Only 1% of corn grown is the sweet corn we eat at meals. The rest, often called field corn or dent corn, is used for products like corn meal, high fructose corn syrup and plastics. But on average, roughly 40% of field corn ends up at the pumps.

It’s tough to find subsidy amounts the government pays to farmers for corn production not strictly related to ethanol. USA Facts data claims that in 2016, corn farmers received $2.2 billion in government subsidies, beating the individual amounts disbursed for soybeans, sugar, cotton, wheat, oranges, livestock, hay and forage, and “all others.”

On top of this, a giant export market that the government continues to fight to expand gives corn growers a ton of power that can turn into additional government payments.

So when you hear about farmers going on a date to Washington, D.C., with The Seven Sisters to challenge some EPA action, these are the numbers compelling the union.

The downsides

And none of this gets into the underside of the issue, the, let’s say, debatable aspects about corn-based ethanol: The tradeoff for lower vehicle emissions being what some believe are horrific environmental consequences. The same way high gas prices made shale oil and fracking good business propositions, the RFS encouraged farmers to plant corn in places historically considered unwelcome, tilling huge amounts of virgin prairie and conserved land in the process.

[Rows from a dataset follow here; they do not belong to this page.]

(* Let $0\le k\le n$. There are exactly $k(n-k)+1$ isomorphism classes of matroids of rank $k$ on $n$ elements of the form $\mathsf{U}_{0,m}\oplus\mathsf{T}_{k-\ell,n-\ell-m}\oplus\mathsf{U}_{\ell,\ell}$, and the Tutte polynomials of representatives of these classes are linearly independent in $\mathbb{Z}[x,y]$.
   Context: $\mathsf{U}_{r,m}$ is the uniform matroid of rank $r$ on $m$ elements. For $0\le k\le n$, $\mathsf{T}_{k,n}$ is the minimal matroid: the matroid on $[n]$ whose bases are the $k$-subsets $B$ with $|B\cap\{1,\dots,k\}|\ge k-1$ (equivalently, the cycle matroid of a cycle of length $k+1$ with one edge replaced by $n-k$ parallel edges). *)

theory Defs
  imports "HOL-Computational_Algebra.Polynomial"
begin

type_synonym 'a matroid = "'a set \<times> 'a set set"

definition ground :: "'a matroid \<Rightarrow> 'a set" where "ground M = fst M"
definition bases :: "'a matroid \<Rightarrow> 'a set set" where "bases M = snd M"

definition is_matroid :: "'a matroid \<Rightarrow> bool" where
  "is_matroid M \<longleftrightarrow> finite (ground M) \<and> bases M \<noteq> {} \<and> (\<forall>B\<in>bases M. B \<subseteq> ground M) \<and>
     (\<forall>B1\<in>bases M. \<forall>B2\<in>bases M. \<forall>x\<in>B1 - B2. \<exists>y\<in>B2 - B1. insert y (B1 - {x}) \<in> bases M)"

definition unif :: "nat \<Rightarrow> nat \<Rightarrow> nat matroid" where
  "unif r m = ({0..<m}, {B. B \<subseteq> {0..<m} \<and> card B = r})"

text \<open>Minimal matroid T_{k,n} on {0..<n} (the paper's [n] shifted by one):
  bases are the k-subsets B with |B \<inter> {0..<k}| \<ge> k-1.\<close>
definition minmat :: "nat \<Rightarrow> nat \<Rightarrow> nat matroid" where
  "minmat k n = ({0..<n}, {B. B \<subseteq> {0..<n} \<and> card B = k \<and> card (B \<inter> {0..<k}) + 1 \<ge> k})"

definition shift :: "nat \<Rightarrow> nat matroid \<Rightarrow> nat matroid" where
  "shift d M = ((+) d ` ground M, (\<lambda>B. (+) d ` B) ` bases M)"

text \<open>Direct sum (intended for disjoint ground sets).\<close>
definition dsum :: "'a matroid \<Rightarrow> 'a matroid \<Rightarrow> 'a matroid" where
  "dsum M N = (ground M \<union> ground N, {B \<union> C | B C. B \<in> bases M \<and> C \<in> bases N})"

definition iso :: "'a matroid \<Rightarrow> 'b matroid \<Rightarrow> bool" where
  "iso M N \<longleftrightarrow> (\<exists>f. bij_betw f (ground M) (ground N) \<and> bases N = (\<lambda>B. f ` B) ` bases M)"

definition mrank :: "'a matroid \<Rightarrow> 'a set \<Rightarrow> nat" where
  "mrank M A = Max ((\<lambda>B. card (A \<inter> B)) ` bases M)"

text \<open>Z[x,y] is represented as int poly poly: outer variable y, inner variable x.\<close>
definition varX :: "int poly poly" where "varX = [:[:0, 1:]:]"
definition varY :: "int poly poly" where "varY = [:0, 1:]"

definition tutte :: "'a matroid \<Rightarrow> int poly poly" where
  "tutte M = (\<Sum>A\<in>Pow (ground M).
      (varX - 1) ^ (mrank M (ground M) - mrank M A) * (varY - 1) ^ (card A - mrank M A))"

text \<open>U_{0,m} \<oplus> T_{k-l,n-l-m} \<oplus> U_{l,l}, realised on {0..<n}.\<close>
definition special :: "nat \<Rightarrow> nat \<Rightarrow> nat \<Rightarrow> nat \<Rightarrow> nat matroid" where
  "special k n l m = dsum (unif 0 m)
      (dsum (shift m (minmat (k - l) (n - l - m))) (shift (n - l) (unif l l)))"
(* Let $n\in\mathbb N$, let $(R,\mathcal R,\rho)$ be a $\sigma$-finite measure space with $\rho(R)>0$, and let $E_1,\dots,E_L\in\mathcal T$ be pairwise disjoint and locally ergodic with respect to $\mathbb G$. Put $\mathcal T_E:=\mathcal T|_{T\setminus(E_1\cup\dots\cup E_L)}\vee\sigma(E_1,\dots,E_L)$ and $\mathcal N_n:=\{A\in(\mathcal T\otimes\mathcal R)^{\otimes n}:(\tau\otimes\rho)^{\otimes n}(A)=0\}$. Then $\mathcal I(\mathbb G[n])\subseteq(\mathcal T_E\otimes\mathcal R)^{\otimes n}\vee\mathcal N_n$.
   Context: $(T,\mathcal T,\tau,(\mathcal T_N)_{N\ge0})$ is a filtered probability space with refining finite partitions $T=T_{N,1}\cup\dots\cup T_{N,L_N}$, $N=0,1,2,\dots$, such that $\mathcal T_N=\sigma(T_{N,1},\dots,T_{N,L_N})$, $\tau(T_{N,l})>0$ for all $N,l$, $\lim_N\sup_l\tau(T_{N,l})=0$, and $\mathcal T=\bigvee_N\mathcal T_N$. $\mathbb G$ is a countable group of bijective bi-measurable maps $g:T\to T$. A set $E\subseteq T$ with $\tau(E)>0$ is finite locally ergodic w.r.t. $\mathbb G$ if there is $N_E\ge0$ with $E\in\mathcal T_{N_E}$ such that for all $N\ge N_E$ and all $l\neq m$ with $A:=T_{N,l}\cup T_{N,m}\subseteq E$ there is a subgroup $\mathbb H\subseteq\mathbb G$ with (a) $g|_{A^c}=\mathrm{id}_{A^c}$ for all $g\in\mathbb H$, and (b) the probability space $(A,\mathcal I(\mathbb H|_A),\tau_A)$ is trivial (only sets of measure $0$ or $1$), where $\mathbb H|_A$ is the group of restrictions to $A$, $\tau_A$ the normalized restriction of $\tau$ to $A$. $E$ is locally ergodic w.r.t. $\mathbb G$ if $E=\bigcup_jE^j$ for an increasing sequence of finite locally ergodic sets $E^j\subseteq E$. $\mathbb G[n]$ is the group of maps $g[n]:(T\times R)^n\to(T\times R)^n$, $((t_1,x_1),\dots,(t_n,x_n))\mapsto((g(t_1),x_1),\dots,(g(t_n),x_n))$, $g\in\mathbb G$. For a group $\mathbb A$ of automorphisms of a measurable space $(S,\Sigma)$, the invariant $\sigma$-algebra is $\mathcal I(\mathbb A)=\{B\in\Sigma:B=T^{-1}(B)\ \forall T\in\mathbb A\}$; here $\Sigma=(\mathcal T\otimes\mathcal R)^{\otimes n}$. $\mathcal T|_A$ denotes the trace $\sigma$-algebra on $A$. *)

theory Defs
  imports "HOL-Probability.Probability"
begin

text \<open>The probability space (T, \<T>, \<tau>) is modelled on a type 't with space = UNIV.
  The N-th partition consists of the cells P N l for l < Lp N.\<close>

definition partition_filtration ::
  "'t measure \<Rightarrow> (nat \<Rightarrow> nat) \<Rightarrow> (nat \<Rightarrow> nat \<Rightarrow> 't set) \<Rightarrow> bool" where
  "partition_filtration \<tau> Lp P \<longleftrightarrow>
     (\<forall>N. \<forall>l<Lp N. P N l \<in> sets \<tau> \<and> measure \<tau> (P N l) > 0)
   \<and> (\<forall>N. (\<Union>l<Lp N. P N l) = space \<tau>)
   \<and> (\<forall>N. disjoint_family_on (P N) {..<Lp N})
   \<and> (\<forall>N. \<forall>l<Lp (Suc N). \<exists>m<Lp N. P (Suc N) l \<subseteq> P N m)
   \<and> ((\<lambda>N. Max {measure \<tau> (P N l) | l. l < Lp N}) \<longlonglongrightarrow> 0)
   \<and> sets \<tau> = sigma_sets (space \<tau>) (\<Union>N. {P N l | l. l < Lp N})"

definition TN :: "'t measure \<Rightarrow> (nat \<Rightarrow> nat) \<Rightarrow> (nat \<Rightarrow> nat \<Rightarrow> 't set) \<Rightarrow> nat \<Rightarrow> 't set set" where
  "TN \<tau> Lp P N = sigma_sets (space \<tau>) {P N l | l. l < Lp N}"

definition aut_group :: "'t measure \<Rightarrow> ('t \<Rightarrow> 't) set \<Rightarrow> bool" where
  "aut_group \<tau> G \<longleftrightarrow> countable G \<and> id \<in> G
     \<and> (\<forall>g\<in>G. \<forall>h\<in>G. g \<circ> h \<in> G)
     \<and> (\<forall>g\<in>G. bij g \<and> inv g \<in> G \<and> g \<in> measurable \<tau> \<tau> \<and> inv g \<in> measurable \<tau> \<tau>)"

definition subgroup_of :: "('t \<Rightarrow> 't) set \<Rightarrow> ('t \<Rightarrow> 't) set \<Rightarrow> bool" where
  "subgroup_of H G \<longleftrightarrow> H \<subseteq> G \<and> id \<in> H \<and> (\<forall>g\<in>H. \<forall>h\<in>H. g \<circ> h \<in> H)
     \<and> (\<forall>g\<in>H. inv g \<in> H)"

Tilling that land is said to have unlocked enough carbon dioxide that it would take two decades for the planted field to absorb it. The enormous water needs to grow corn are blamed for lowering water tables. Excessive use of nitrogen fertilizers to maximize yields sucks oxygen from the soil and water, leading to dead zones in waterways, including an enormous zone in the Gulf of Mexico. In 2021, the National Oceanic and Atmospheric Administration measured the Gulf’s dead zone at roughly 6,334 square miles, larger than the average dead zone for the previous five years of 5,380 square miles. That’s an area larger than the state of Connecticut, hovering mostly off the coast of America’s second-largest seafood producing state, Louisiana.

And even before all of that, the founding presumptions of the RFS have been questioned since the beginning. Many suspect corn-based ethanol can’t be made to work with the Renewable Fuels Standard without some creative numbers.

The RFS stipulates that “Renewable fuel (or conventional biofuel) typically refers to ethanol derived from corn starch and must meet a 20% lifecycle GHG [greenhouse gas] reduction,” meaning corn ethanol would be 20% less polluting than gasoline. But when the Obama administration tried to work out the math for implementing the RFS way back in 2009, it found that corn ethanol would only be 16% less polluting than gasoline by 2022, based on a maximum yield of 180 bushels of corn per acre.

All the stakeholders complained, saying the government’s figures were too conservative. So the EPA came up with a “high yield case scenario” that achieved a 21% reduction by assuming a yield of 230 bushels per acre. (Getting more bushels off an acre means it took fewer resources to grow each bushel, so it’s environmentally cleaner.)

The problem is that corn growers have never hit that yield number. The yield in 2014 was about 173 bushels per acre. Last year’s yield was 177 bushels per acre, right around the original, and insufficient, government estimate.

Corn might not come up in tonight’s presidential debate. But for all the reasons we’ve touched on here, and so many more (food prices, high-fructose corn syrup, the list goes on), corn will continue to be a big topic from now until November and beyond.